A longtime Windy City pal of the Obamas—she was a partner for many years in the Chicago office of Skadden, Arps and a big-time Obama bundler in his ’08 campaign—Tchen now serves as Michelle’s chief of staff and helps run the White House Council on Women and Girls, which is in the process of assessing every government agency to see which programs most benefit women. The Radcliffe grad, who has earned a reputation for being “driven,” “phenomenally brilliant,” and a ferocious yet cheerful multitasker, has a decades-long history of involvement with women’s rights. The National Organization for Women describes her as “one of our own” (she is a former vice president of the Illinois chapter) and shortly after college, Tchen even helped co-author a bill to expand Illinois’s rape statues to include all types of sexual assault and abuse. When the Obamas moved to D.C., she came along to direct the Office of Public Engagement before joining the East Wing, where she’s helped advance the first lady’s signature causes of fighting childhood obesity and supporting military families, and where she’s pushed an agenda focused on helping girls succeed in education and innovation. Thanks to Tchen’s efforts, as she recently reported, there is “enthusiasm across the board” for women’s issues in the inner circles of 1600 Pennsylvania Ave.

Leigh Vogel/Getty

Alyse Nelson

President and CEO, Vital Voices Global Partnership

One of the main challenges for the new ambassador will be figuring out how to follow in the intimidating footsteps of Melanne Verveer and Hillary Clinton. How should a new diplomat build on their enormously successful legacies while still putting her own stamp on the role? For inspiration, look no further than Alyse Nelson, a Vital Voices co-founder along with Verveer and the former first lady. As president and CEO of the organization, Nelson has steered Vital Voices to new heights: over 12,000 female leaders are now part of its network in 144 countries worldwide. And far from being a boss who parachuted in from the outside, Nelson was deeply involved with the partnership's forerunner, the Vital Voices Global Democracy Initiative, launched by then-First Lady Clinton and former Secretary of State Madeleine Albright. As such, she's seen the inner workings of State (and the White House) and knows firsthand the legacy--of women's rights as a foreign-policy priority--that she'd be protecting and advancing.

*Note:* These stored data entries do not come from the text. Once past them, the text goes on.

lemma green_zero_extension:
  assumes G: "green n {0..L} b BC G" and "T \<le> L" and \<sigma>: "integrable (lebesgue_on {0..T}) \<sigma>"
  obtains W where "sol n {0..L} b (\<lambda>s. if s \<in> {0..T} then \<sigma> s else 0) W" "BC W"
    "\<And>x. x \<in> {0..L} \<Longrightarrow> integrable (lebesgue_on {0..T}) (\<lambda>s. G x s * \<sigma> s)"
    "\<And>x. x \<in> {0..L} \<Longrightarrow> W 0 x = integral\<^sup>L (lebesgue_on {0..T}) (\<lambda>s. G x s * \<sigma> s)"
proof -
  let ?\<sigma> = "\<lambda>s. if s \<in> {0..T} then \<sigma> s else 0"
  have "integrable (lebesgue_on {0..L}) ?\<sigma>"
    using \<open>T \<le> L\<close> \<sigma> by (intro integrable_zero_extension) auto
  then obtain W where W: "sol n {0..L} b ?\<sigma> W" "BC W"
    "\<forall>x\<in>{0..L}. integrable (lebesgue_on {0..L}) (\<lambda>s. G x s * ?\<sigma> s) \<and>
                 W 0 x = integral\<^sup>L (lebesgue_on {0..L}) (\<lambda>s. G x s * ?\<sigma> s)"
    using G unfolding green_def by blast
  show thesis
  proof (rule that[OF W(1,2)])
    fix x assume x: "x \<in> {0..L}"
    have eq: "(\<lambda>s. G x s * ?\<sigma> s) = (\<lambda>s. if s \<in> {0..T} then G x s * \<sigma> s else 0)"
      by (simp add: fun_eq_iff)
    have "integrable (lebesgue_on {0..L}) (\<lambda>s. G x s * ?\<sigma> s)" using W(3) x by blast
    then have "integrable (lebesgue_on {0..T}) (\<lambda>s. G x s * ?\<sigma> s)"
      by (rule integrable_subinterval) (use \<open>T \<le> L\<close> in simp)
    moreover have "integrable (lebesgue_on {0..T}) (\<lambda>s. G x s * ?\<sigma> s) \<longleftrightarrow>
        integrable (lebesgue_on {0..T}) (\<lambda>s. G x s * \<sigma> s)"
      by (rule Bochner_Integration.integrable_cong) simp_all
    ultimately show "integrable (lebesgue_on {0..T}) (\<lambda>s. G x s * \<sigma> s)" by blast
    have "W 0 x = integral\<^sup>L (lebesgue_on {0..L}) (\<lambda>s. G x s * ?\<sigma> s)"
      using W(3) x by simp
    also have "\<dots> = integral\<^sup>L (lebesgue_on {0..L}) (\<lambda>s. if s \<in> {0..T} then G x s * \<sigma> s else 0)"
      unfolding eq ..
    also have "\<dots> = integral\<^sup>L (lebesgue_on {0..T}) (\<lambda>s. G x s * \<sigma> s)"
      using \<open>T \<le> L\<close> by (intro Lebesgue_Measure.integral_restrict) auto
    finally show "W 0 x = integral\<^sup>L (lebesgue_on {0..T}) (\<lambda>s. G x s * \<sigma> s)" .
  qed
qed

lemma sol_sum_reflections:
  fixes rs :: "(real \<times> real \<times> real) list"
  assumes W: "sol n K' b \<sigma> W" and n: "n \<ge> 1" and K: "K \<in> sets lebesgue" "K' \<in> sets lebesgue"
    and unit: "\<forall>(c, e, d)\<in>set rs. e = 1 \<or> e = -1"
    and into: "\<forall>(c, e, d)\<in>set rs. \<forall>t\<in>K. e * t + d \<in> K'"
    and coeffs: "AE t in lebesgue_on K. \<forall>(c, e, d)\<in>set rs. \<forall>k<2*n. b k (e * t + d) = e ^ k * a k t"
  shows "sol n K a (\<lambda>t. \<Sum>(c, e, d)\<leftarrow>rs. c * \<sigma> (e * t + d))
           (\<lambda>k t. \<Sum>(c, e, d)\<leftarrow>rs. c * (e ^ k * W k (e * t + d)))"
proof -
  let ?\<sigma>r = "\<lambda>r t. case r of (c, e, d) \<Rightarrow> c * \<sigma> (e * t + d)"
  let ?Wr = "\<lambda>r k t. case r of (c, e, d) \<Rightarrow> c * (e ^ k * W k (e * t + d))"
  have "\<forall>r\<in>set rs. sol n K a (?\<sigma>r r) (?Wr r)"
  proof
    fix r assume r: "r \<in> set rs"
    obtain c e d where r_eq: "r = (c, e, d)" by (cases r)
    have "AE t in lebesgue_on K. \<forall>k<2*n. b k (e * t + d) = e ^ k * a k t"
      using coeffs by eventually_elim (use r r_eq in auto)
    then have "sol n K a (\<lambda>t. \<sigma> (e * t + d)) (\<lambda>k t. e ^ k * W k (e * t + d))"
      using unit into r r_eq by (intro sol_compose_unit_affine[OF W n _ _ K]) auto
    then show "sol n K a (?\<sigma>r r) (?Wr r)"
      unfolding r_eq by (simp add: sol_cmult)
  qed
  then show ?thesis by (rule sol_sum_list)
qed

lemma green_eq_sum_reflections:
  fixes rs :: "(real \<times> real \<times> real) list"
  assumes n: "n \<ge> 1" and "T \<le> L"
    and GM: "green n {0..T} a BC GM" and G: "green n {0..L} b BC' G"
    and unit: "\<forall>(c, e, d)\<in>set rs. e = 1 \<or> e = -1"
    and into: "\<forall>(c, e, d)\<in>set rs. \<forall>t\<in>{0..T}. e * t + d \<in> {0..L}"
    and coeffs: "AE t in lebesgue_on {0..T}.
       \<forall>(c, e, d)\<in>set rs. \<forall>k<2*n. b k (e * t + d) = e ^ k * a k t"
    and forcing: "AE t in lebesgue_on {0..T}. \<forall>\<sigma>.
       (\<Sum>(c, e, d)\<leftarrow>rs. c * (if e * t + d \<in> {0..T} then \<sigma> (e * t + d) else 0)) = \<sigma> t"
    and bc: "\<And>W. BC' W \<Longrightarrow> BC (\<lambda>k t. \<Sum>(c, e, d)\<leftarrow>rs. c * (e ^ k * W k (e * t + d)))"
    and bc_diff: "\<And>D1 D2. BC D1 \<Longrightarrow> BC D2 \<Longrightarrow> BC (\<lambda>k t. D1 k t - D2 k t)"
    and t: "t \<in> {0..T}"
  shows "AE s in lebesgue_on {0..T}. GM t s = (\<Sum>(c, e, d)\<leftarrow>rs. c * G (e * t + d) s)"
proof (rule AE_eq_if_integrals_eq)
  let ?img = "\<lambda>r s. case r of (c, e, d) \<Rightarrow> c * G (e * t + d) s"
  fix \<sigma> :: "real \<Rightarrow> real" assume \<sigma>: "integrable (lebesgue_on {0..T}) \<sigma>"
  let ?\<sigma> = "\<lambda>s. if s \<in> {0..T} then \<sigma> s else 0"
  obtain W where W: "sol n {0..L} b ?\<sigma> W" "BC' W"
      "\<And>x. x \<in> {0..L} \<Longrightarrow> integrable (lebesgue_on {0..T}) (\<lambda>s. G x s * \<sigma> s)"
      "\<And>x. x \<in> {0..L} \<Longrightarrow> W 0 x = integral\<^sup>L (lebesgue_on {0..T}) (\<lambda>s. G x s * \<sigma> s)"
    by (rule green_zero_extension[OF G \<open>T \<le> L\<close> \<sigma>]) (rule that)
  have nr: "nonresonant n {0..T} a BC" using GM by (simp add: green_def)
  have "\<exists>D. sol n {0..T} a \<sigma> D \<and> BC D \<and>
      (\<forall>x\<in>{0..T}. integrable (lebesgue_on {0..T}) (\<lambda>s. GM x s * \<sigma> s) \<and>
                 D 0 x = integral\<^sup>L (lebesgue_on {0..T}) (\<lambda>s. GM x s * \<sigma> s))"
    using GM \<sigma> by (simp add: green_def)
  then obtain D where D: "sol n {0..T} a \<sigma> D" "BC D"
      "\<forall>x\<in>{0..T}. integrable (lebesgue_on {0..T}) (\<lambda>s. GM x s * \<sigma> s) \<and>
                 D 0 x = integral\<^sup>L (lebesgue_on {0..T}) (\<lambda>s. GM x s * \<sigma> s)"
    by blast
  let ?u = "\<lambda>k t. \<Sum>(c, e, d)\<leftarrow>rs. c * (e ^ k * W k (e * t + d))"
  have "sol n {0..T} a (\<lambda>t. \<Sum>(c, e, d)\<leftarrow>rs. c * ?\<sigma> (e * t + d)) ?u"
    by (rule sol_sum_reflections[OF W(1) n _ _ unit into coeffs]) auto
  then have u: "sol n {0..T} a \<sigma> ?u"
    by (rule sol_cong_AE) (use forcing in \<open>auto elim: eventually_mono\<close>)
  have int_img: "integrable (lebesgue_on {0..T}) (\<lambda>s. ?img r s * \<sigma> s)"
    and u_img: "(case r of (c, e, d) \<Rightarrow> c * (e ^ 0 * W 0 (e * t + d)))
                  = integral\<^sup>L (lebesgue_on {0..T}) (\<lambda>s. ?img r s * \<sigma> s)"
    if "r \<in> set rs" for r
  proof -
    obtain c e d where r: "r = (c, e, d)" by (cases r)
    then have "e * t + d \<in> {0..L}" using into t that by auto
    then show "integrable (lebesgue_on {0..T}) (\<lambda>s. ?img r s * \<sigma> s)"
      and "(case r of (c, e, d) \<Rightarrow> c * (e ^ 0 * W 0 (e * t + d)))
             = integral\<^sup>L (lebesgue_on {0..T}) (\<lambda>s. ?img r s * \<sigma> s)"
      using W(3,4) unfolding r by (simp_all add: mult.assoc)
  qed
  have "integral\<^sup>L (lebesgue_on {0..T}) (\<lambda>s. GM t s * \<sigma> s) = ?u 0 t"
    using nonresonant_sol_unique[OF nr D(1) u bc_diff[OF D(2) bc[OF W(2)]] t] D(3) t by simp
  also have "\<dots> = (\<Sum>r\<leftarrow>rs. integral\<^sup>L (lebesgue_on {0..T}) (\<lambda>s. ?img r s * \<sigma> s))"
    using u_img by (intro arg_cong[where f=sum_list] map_cong) simp_all
  also have "\<dots> = integral\<^sup>L (lebesgue_on {0..T}) (\<lambda>s. (\<Sum>r\<leftarrow>rs. ?img r s) * \<sigma> s)"
    unfolding sum_list_mult_const[symmetric] by (rule integral_sum_list[symmetric]) (rule int_img)
  finally have "integral\<^sup>L (lebesgue_on {0..T}) (\<lambda>s. GM t s * \<sigma> s) =
      integral\<^sup>L (lebesgue_on {0..T}) (\<lambda>s. (\<Sum>r\<leftarrow>rs. ?img r s) * \<sigma> s)" .
  moreover have "integrable (lebesgue_on {0..T}) (\<lambda>s. (\<Sum>r\<leftarrow>rs. ?img r s) * \<sigma> s)"
    unfolding sum_list_mult_const[symmetric] by (rule integrable_sum_list) (rule int_img)
  moreover have "integrable (lebesgue_on {0..T}) (\<lambda>s. GM t s * \<sigma> s)"
    using D(3) t by simp
  ultimately show "integrable (lebesgue_on {0..T}) (\<lambda>s. GM t s * \<sigma> s) \<and>
      integrable (lebesgue_on {0..T}) (\<lambda>s. (\<Sum>r\<leftarrow>rs. ?img r s) * \<sigma> s) \<and>
      integral\<^sup>L (lebesgue_on {0..T}) (\<lambda>s. GM t s * \<sigma> s) =
      integral\<^sup>L (lebesgue_on {0..T}) (\<lambda>s. (\<Sum>r\<leftarrow>rs. ?img r s) * \<sigma> s)"
    by blast
qed

lemma refl_coeffs_le: "t \<le> c \<Longrightarrow> refl_coeffs c a k t = a k t"
  by (simp add: refl_coeffs_def)

lemma refl_coeffs_gt: "c < t \<Longrightarrow> refl_coeffs c a k t = (-1) ^ k * a k (2*c - t)"
  by (simp add: refl_coeffs_def)

lemma AE_lebesgue_on_interior:
  fixes a b :: real
  shows "AE t in lebesgue_on {a..b}. a < t \<and> t < b"
proof -
  have "{a, b} \<in> null_sets lebesgue"
    using negligible_iff_null_sets by (blast intro: negligible_finite)
  then have "AE t in lebesgue. t \<notin> {a, b}"
    using AE_iff_null_sets null_setsD2 by blast
  then have "AE t in lebesgue. t \<in> {a..b} \<longrightarrow> a < t \<and> t < b"
    by eventually_elim auto
  then show ?thesis
    using AE_restrict_space_iff[of "{a..b}" lebesgue "\<lambda>t. a < t \<and> t < b"] by simp
qed

lemma green_eq_reflection_about_T:
  fixes c :: real
  assumes n: "n \<ge> 1" and T: "T > 0"
    and GM: "green n {0..T} a BC GM" and G: "green n {0..2*T} (refl_coeffs T a) BC' G"
    and bc: "\<And>W. BC' W \<Longrightarrow> BC (\<lambda>k t. W k t + c * ((-1) ^ k * W k (2*T - t)))"
    and bc_diff: "\<And>D1 D2. BC D1 \<Longrightarrow> BC D2 \<Longrightarrow> BC (\<lambda>k t. D1 k t - D2 k t)"
    and t: "t \<in> {0..T}"
  shows "AE s in lebesgue_on {0..T}. GM t s = G t s + c * G (2*T - t) s"
proof -
  have "AE s in lebesgue_on {0..T}.
      GM t s = (\<Sum>(c, e, d)\<leftarrow>[(1, 1, 0), (c, -1, 2*T)]. c * G (e * t + d) s)"
  proof (rule green_eq_sum_reflections[OF n _ GM G _ _ _ _ _ bc_diff t])
    show "AE t in lebesgue_on {0..T}. \<forall>(c, e, d)\<in>set [(1, 1, 0), (c, -1, 2*T)].
        \<forall>k<2*n. refl_coeffs T a k (e * t + d) = e ^ k * a k t"
      using AE_lebesgue_on_interior[of 0 T]
      by eventually_elim (auto simp: refl_coeffs_le refl_coeffs_gt)
    show "AE t in lebesgue_on {0..T}. \<forall>\<sigma>. (\<Sum>(c, e, d)\<leftarrow>[(1, 1, 0), (c, -1, 2*T)].
        c * (if e * t + d \<in> {0..T} then \<sigma> (e * t + d) else 0)) = \<sigma> t"
      using AE_lebesgue_on_interior[of 0 T] by eventually_elim auto
    show "BC (\<lambda>k t. \<Sum>(c, e, d)\<leftarrow>[(1, 1, 0), (c, -1, 2*T)]. c * (e ^ k * W k (e * t + d)))"
      if "BC' W" for W
      using bc[OF that] by simp
  qed (use T in auto)
  then show ?thesis by simp
qed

Thanks to her work with Vital Voices, Nelson is in the advantageous position of having conferred with the globe's most influential female leaders, such as Liberian president Ellen Johnson Sirleaf and Nobel Laureate Aung San Suu Kyi. She's also intimately familiar with the women whose tireless work made the ambassadorship possible in the first place—after all, it was Clinton's 1995 Beijing speech that inspired Nelson (then a college junior) to change her life path and go into public service. Throw in that Nelson is media-savvy—a nice bonus for any government official—and her multitasking abilities (she's found time to pen a book that includes a foreword by Hillary herself) and you've got a leader who would surely make Verveer and Clinton proud.